:: WORK TO BE COMPLETED ::
Go through the entries below, tally each line that has the word "induction", and give only the total.

[Dataset entries]
lemma eval_mult_x: "eval (t * x) = eval t * lam"
proof -
  obtain n a where t: "t = (\<Sum>i<n. j (a i) * x ^ i)" using span by metis
  define b where "b i = (case i of 0 \<Rightarrow> 0 | Suc k \<Rightarrow> a k)" for i
  have "eval (t * x) = eval (\<Sum>i<Suc n. j (b i) * x ^ i)"
    unfolding t sum.lessThan_Suc_shift b_def
    by (simp add: sum_distrib_right ring_hom1_zero[OF j_hom] mult.assoc power_commutes)
  also have "\<dots> = (\<Sum>i<Suc n. \<phi> (b i) * lam ^ i)"
    by (rule eval_ore_sum)
  also have "\<dots> = eval t * lam"
    unfolding t eval_ore_sum sum.lessThan_Suc_shift b_def
    by (simp add: sum_distrib_right sum_distrib_left ring_hom1_zero[OF \<phi>_hom] mult_ac)
  finally show ?thesis .
qed

lemma eval_mult_x_power: "eval (t * x ^ i) = eval t * lam ^ i"
  by (induction i arbitrary: t) (simp_all add: power_Suc2 eval_mult_x flip: mult.assoc)

lemma eval_x_power_mult_j: "eval (x ^ i * j r) = lam ^ i * \<phi> r"
proof (induction i arbitrary: r)
  case 0
  then show ?case by (simp add: eval_j)
next
  case (Suc i)
  have "x ^ Suc i * j r = (x ^ i * j (\<sigma> r)) * x + x ^ i * j (\<delta> r)"
    by (simp only: power_Suc2 mult.assoc x_mult_j distrib_left)
  then have "eval (x ^ Suc i * j r) = lam ^ i * \<phi> (\<sigma> r) * lam + lam ^ i * \<phi> (\<delta> r)"
    by (simp add: eval_add eval_mult_x Suc)
  also have "\<dots> = lam ^ Suc i * \<phi> r"
    by (simp add: \<phi>_\<delta> algebra_simps)
  finally show ?case .
qed

lemma eval_mult: "eval (t * s) = eval t * eval s"
proof -
  obtain n a where t: "t = (\<Sum>i<n. j (a i) * x ^ i)" using span by metis
  have eval_mult_j: "eval (t * j r) = eval t * \<phi> r" for r
  proof -
    have "eval (t * j r) = (\<Sum>i<n. eval (j (a i) * (x ^ i * j r)))"
      unfolding t by (simp add: sum_distrib_right mult.assoc eval_sum)
    also have "\<dots> = eval t * \<phi> r"
      unfolding t eval_ore_sum by (simp add: eval_j_mult eval_x_power_mult_j sum_distrib_right mult.assoc)
    finally show ?thesis .
  qed
  obtain n' b where s: "s = (\<Sum>i<n'. j (b i) * x ^ i)" using span by metis
  have "t * s = (\<Sum>i<n'. t * j (b i) * x ^ i)"
    unfolding s by (simp add: sum_distrib_left mult.assoc)
  then have "eval (t * s) = (\<Sum>i<n'. eval t * \<phi> (b i) * lam ^ i)"
    by (simp only: eval_sum eval_mult_x_power eval_mult_j)
  also have "\<dots> = eval t * eval s"
    unfolding s eval_ore_sum by (simp add: sum_distrib_left mult.assoc)
  finally show ?thesis .
qed

lemma eval_hom: "ring_hom1 eval"
  by (simp add: ring_hom1_def eval_one eval_add eval_mult)

lemma eval_x: "eval x = lam"
  using eval_mult_x[of 1] by (simp add: eval_one)

lemma x_minus_scalar_in_ideal:
  assumes M: "two_sided_ideal M" and M_R: "j -` M = {a. \<phi> a = 0}"
    and "\<phi> r\<^sub>0 = 0" "\<phi> (\<sigma> r\<^sub>0) = 1" and "\<phi> s = lam"
  shows "x - j s \<in> M"
proof -
  have j_M: "j a \<in> M \<longleftrightarrow> \<phi> a = 0" for a
    using M_R[unfolded set_eq_iff] by simp
  have x_r\<^sub>0: "x * j r\<^sub>0 \<in> M"
    using assms(3) j_M two_sided_ideal_mult_left[OF M] by blast
  have "j (\<sigma> r\<^sub>0 - 1) \<in> M"
    using assms(4) j_M by (simp add: ring_hom1_diff[OF \<phi>_hom] ring_hom1_one[OF \<phi>_hom])
  then have "j (\<sigma> r\<^sub>0 - 1) * x \<in> M"
    by (rule two_sided_ideal_mult_right[OF M])
  moreover have "j (\<delta> r\<^sub>0 + s) \<in> M"
    using assms(3-5) j_M by (simp add: \<phi>_\<delta> ring_hom1_add[OF \<phi>_hom])
  ultimately have "x * j r\<^sub>0 - j (\<sigma> r\<^sub>0 - 1) * x - j (\<delta> r\<^sub>0 + s) \<in> M"
    using x_r\<^sub>0 two_sided_ideal_diff[OF M] by blast
  also have "x * j r\<^sub>0 - j (\<sigma> r\<^sub>0 - 1) * x - j (\<delta> r\<^sub>0 + s) = x - j s"
    unfolding x_mult_j using j_hom
    by (simp add: ring_hom1_diff ring_hom1_add ring_hom1_one algebra_simps)
  finally show ?thesis .
qed

lemma ideal_eq_kernel_eval:
  assumes M: "two_sided_ideal M" and M_R: "j -` M = {a. \<phi> a = 0}"
    and "\<phi> r\<^sub>0 = 0" "\<phi> (\<sigma> r\<^sub>0) = 1"
    and \<iota>: "ring_hom1 \<iota>" "\<And>c. \<phi> (\<iota> c) = c"
  shows "M = {t. eval t = 0}"
proof (rule ideal_eq_kernel_if_generators_congruent[OF M eval_hom ring_hom1_comp[OF j_hom \<iota>(1)]])
  show "\<exists>n a. t = (\<Sum>i<n. j (a i) * x ^ i)" for t by (rule span)
  show "j r - (j \<circ> \<iota>) (eval (j r)) \<in> M" for r
  proof -
    have "\<phi> (r - \<iota> (\<phi> r)) = 0"
      using \<iota>(2) by (simp add: ring_hom1_diff[OF \<phi>_hom])
    then show ?thesis
      using M_R by (auto simp: eval_j ring_hom1_diff[OF j_hom, symmetric])
  qed
  show "x - (j \<circ> \<iota>) (eval x) \<in> M"
    using x_minus_scalar_in_ideal[OF M M_R assms(3,4), of "\<iota> lam"] \<iota> by (simp add: eval_x)
  show "c = 0" if "(j \<circ> \<iota>) c \<in> M" for c
  proof -
    have "\<phi> (\<iota> c) = 0" using that M_R by auto
    then show ?thesis using \<iota>(2) by simp
  qed
qed

end

lemma character_ne_character_comp:
  assumes "bij \<sigma>" and "\<sigma> ` {a. \<phi> a = 0} \<noteq> {a. \<phi> a = 0}"
  shows "\<exists>r. \<phi> (\<sigma> r) \<noteq> \<phi> r"
proof (rule ccontr)
  assume "\<not> ?thesis"
  then have "\<sigma> ` {a. \<phi> a = 0} = {a. \<phi> a = 0}"
    using bij_is_surj[OF assms(1)] by (auto simp: image_iff) (metis surjD)
  then show False using assms(2) by simp
qed

lemma exists_character_zero_sigma_one:
  fixes \<iota> :: "'f::field \<Rightarrow> 'r::ring_1"
  assumes \<sigma>: "F_alg_automorphism \<iota> \<sigma>"
    and \<phi>: "ring_hom1 \<phi>" "\<And>c a. \<phi> (\<iota> c * a) = c * \<phi> a"
    and "\<sigma> ` {a. \<phi> a = 0} \<noteq> {a. \<phi> a = 0}"
  shows "\<exists>r\<^sub>0. \<phi> r\<^sub>0 = 0 \<and> \<phi> (\<sigma> r\<^sub>0) = 1"
proof -
  have \<sigma>_hom: "ring_hom1 \<sigma>" and \<sigma>_lin: "\<And>c a. \<sigma> (\<iota> c * a) = \<iota> c * \<sigma> a" and "bij \<sigma>"
    using \<sigma> by (auto simp: F_alg_automorphism_def F_linear_def)
  have \<phi>_\<iota>: "\<phi> (\<iota> c) = c" and \<sigma>_\<iota>: "\<sigma> (\<iota> c) = \<iota> c" for c
    using \<phi>(2)[of c 1] \<sigma>_lin[of c 1] by (simp_all add: ring_hom1_one \<phi>(1) \<sigma>_hom)
  obtain r where r: "\<phi> (\<sigma> r) \<noteq> \<phi> r"
    using character_ne_character_comp[OF \<open>bij \<sigma>\<close> assms(4)] by blast
  define r\<^sub>0 where "r\<^sub>0 = \<iota> (1 / (\<phi> (\<sigma> r) - \<phi> r)) * (r - \<iota> (\<phi> r))"
  have "\<phi> r\<^sub>0 = 0" "\<phi> (\<sigma> r\<^sub>0) = 1"
    using r \<phi>(1) \<sigma>_hom unfolding r\<^sub>0_def
    by (simp_all add: \<phi>(2) \<sigma>_lin ring_hom1_diff \<phi>_\<iota> \<sigma>_\<iota>)
  then show ?thesis by blast
qed

lemma character_sigma_derivation_eq:
  assumes \<sigma>: "F_alg_automorphism \<iota> \<sigma>" and \<delta>: "sigma_derivation \<iota> \<sigma> \<delta>"
    and \<phi>: "ring_hom1 \<phi>" "\<And>c a. \<phi> (\<iota> c * a) = c * \<phi> a"
    and \<delta>_m: "\<delta> ` ({a. \<phi> a = 0} \<inter> \<sigma> -` {a. \<phi> a = 0}) \<subseteq> {a. \<phi> a = 0}"
    and r\<^sub>0: "\<phi> r\<^sub>0 = 0" "\<phi> (\<sigma> r\<^sub>0) = 1"
  shows "\<phi> (\<delta> r) = - \<phi> (\<delta> r\<^sub>0) * (\<phi> r - \<phi> (\<sigma> r))"
proof -
  have \<sigma>_hom: "ring_hom1 \<sigma>" and \<sigma>_lin: "\<And>c a. \<sigma> (\<iota> c * a) = \<iota> c * \<sigma> a"
    using \<sigma> by (auto simp: F_alg_automorphism_def F_linear_def)
  have \<delta>_add: "\<And>a b. \<delta> (a + b) = \<delta> a + \<delta> b" and \<delta>_lin: "\<And>c a. \<delta> (\<iota> c * a) = \<iota> c * \<delta> a"
    and \<delta>_mult: "\<And>a b. \<delta> (a * b) = \<delta> a * b + \<sigma> a * \<delta> b"
    using \<delta> by (auto simp: sigma_derivation_def F_linear_def)
  have \<phi>_\<iota>: "\<phi> (\<iota> c) = c" and \<sigma>_\<iota>: "\<sigma> (\<iota> c) = \<iota> c" for c
    using \<phi>(2)[of c 1] \<sigma>_lin[of c 1] by (simp_all add: ring_hom1_one \<phi>(1) \<sigma>_hom)
  have \<delta>_\<iota>: "\<delta> (\<iota> c) = 0" for c
    using \<delta>_mult[of 1 1] \<delta>_lin[of c 1] by (simp add: ring_hom1_one[OF \<sigma>_hom])
  define c where "c = \<phi> (\<sigma> r) - \<phi> r"
  define s where "s = r - \<iota> (\<phi> r) - \<iota> c * r\<^sub>0"
  have "\<phi> s = 0" and "\<phi> (\<sigma> s) = 0"
    unfolding s_def c_def using r\<^sub>0 \<phi>(1) \<sigma>_hom
    by (simp_all add: ring_hom1_diff \<phi>(2) \<sigma>_lin \<sigma>_\<iota> \<phi>_\<iota>)
  then have "\<phi> (\<delta> s) = 0" using \<delta>_m by auto
  moreover have "\<phi> (\<delta> s) = \<phi> (\<delta> r) - c * \<phi> (\<delta> r\<^sub>0)"
    unfolding s_def
    by (simp add: additive_diff[OF \<delta>_add] \<delta>_\<iota> \<delta>_lin ring_hom1_diff[OF \<phi>(1)] \<phi>(2))
  ultimately show ?thesis by (simp add: c_def algebra_simps)
qed

theorem proposition4p3:
  fixes \<iota> :: "'f::alg_closed_field \<Rightarrow> 'r::ring_1"
    and \<sigma> \<delta> :: "'r \<Rightarrow> 'r"
    and j :: "'r \<Rightarrow> 't::ring_1" and x :: 't
    and m :: "'r set"
  assumes "F_algebra \<iota>"
    and "F_alg_automorphism \<iota> \<sigma>"
    and "sigma_derivation \<iota> \<sigma> \<delta>"
    and "ore_extension \<sigma> \<delta> j x"
    and "two_sided_ideal m"
    and "quotient_iso_F \<iota> m"
    and "\<sigma> ` m \<noteq> m"
    and "\<delta> ` (m \<inter> \<sigma> -` m) \<subseteq> m"
  shows "(\<exists>!M. two_sided_ideal M \<and> j -` M = m)
       \<and> (\<forall>M. two_sided_ideal M \<and> j -` M = m \<longrightarrow> quotient_iso_F (j \<circ> \<iota>) M)"
proof -
  have \<iota>: "ring_hom1 \<iota>" using assms(1) by (simp add: F_algebra_def)
  obtain \<phi> :: "'r \<Rightarrow> 'f" where \<phi>: "ring_hom1 \<phi>" "\<And>c a. \<phi> (\<iota> c * a) = c * \<phi> a"
    and m: "m = {a. \<phi> a = 0}"
    using assms(6) by (auto simp: quotient_iso_F_def F_linear_def)
  have \<phi>_\<iota>: "\<phi> (\<iota> c) = c" for c using \<phi>(2)[of c 1] by (simp add: ring_hom1_one \<phi>(1))
  obtain r\<^sub>0 where r\<^sub>0: "\<phi> r\<^sub>0 = 0" "\<phi> (\<sigma> r\<^sub>0) = 1"
    using exists_character_zero_sigma_one[OF assms(2) \<phi>] assms(7) m by blast
  have "\<phi> (\<delta> r) = - \<phi> (\<delta> r\<^sub>0) * (\<phi> r - \<phi> (\<sigma> r))" for r
    using character_sigma_derivation_eq[OF assms(2,3) \<phi> _ r\<^sub>0] assms(8) m by blast
  then interpret ore_character \<sigma> \<delta> j x \<phi> "- \<phi> (\<delta> r\<^sub>0)"
    using assms(4) \<phi>(1) by unfold_locales
  let ?K = "{t. eval t = 0}"
  have unique: "M = ?K" if "two_sided_ideal M" "j -` M = m" for M
    using ideal_eq_kernel_eval[OF that[unfolded m] r\<^sub>0 \<iota> \<phi>_\<iota>] .
  have "two_sided_ideal ?K" "j -` ?K = m"
    by (auto simp: two_sided_ideal_kernel eval_hom eval_j m)
  moreover have "quotient_iso_F (j \<circ> \<iota>) ?K"
    unfolding quotient_iso_F_def F_linear_def
    by (intro exI[of _ eval]) (simp add: eval_hom eval_add eval_j_mult \<phi>_\<iota>)
  ultimately show ?thesis
    using unique by (metis (no_types, lifting))
qed

end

:: EXPECTED OUTPUT ::
2